# RECORDS:
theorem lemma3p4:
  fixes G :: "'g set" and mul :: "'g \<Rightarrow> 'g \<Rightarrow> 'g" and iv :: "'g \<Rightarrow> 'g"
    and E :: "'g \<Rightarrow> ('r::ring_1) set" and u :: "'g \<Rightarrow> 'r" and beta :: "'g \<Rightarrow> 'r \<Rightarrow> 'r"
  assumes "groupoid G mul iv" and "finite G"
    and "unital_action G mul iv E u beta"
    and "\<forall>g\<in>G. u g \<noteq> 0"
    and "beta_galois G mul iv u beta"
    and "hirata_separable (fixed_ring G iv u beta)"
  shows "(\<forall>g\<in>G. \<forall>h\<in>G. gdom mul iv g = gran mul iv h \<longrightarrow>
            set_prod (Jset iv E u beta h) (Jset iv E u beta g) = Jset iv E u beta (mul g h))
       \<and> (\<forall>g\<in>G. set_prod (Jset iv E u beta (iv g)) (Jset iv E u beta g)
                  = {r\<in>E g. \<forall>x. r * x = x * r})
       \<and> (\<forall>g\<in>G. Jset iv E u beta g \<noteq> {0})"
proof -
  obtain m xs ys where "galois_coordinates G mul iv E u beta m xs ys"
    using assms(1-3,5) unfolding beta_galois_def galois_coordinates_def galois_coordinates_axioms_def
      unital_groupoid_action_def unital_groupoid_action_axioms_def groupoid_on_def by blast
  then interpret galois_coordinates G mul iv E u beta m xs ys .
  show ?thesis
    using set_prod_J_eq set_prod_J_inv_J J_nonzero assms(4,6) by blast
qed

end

# ASSIGNED TASK:
Start at the line containing "using set_prod_J_eq set_prod_J_inv_J" and return each line up to and including the last line of the material.

# EXERCISE OUTPUT:
    using set_prod_J_eq set_prod_J_inv_J J_nonzero assms(4,6) by blast
qed

end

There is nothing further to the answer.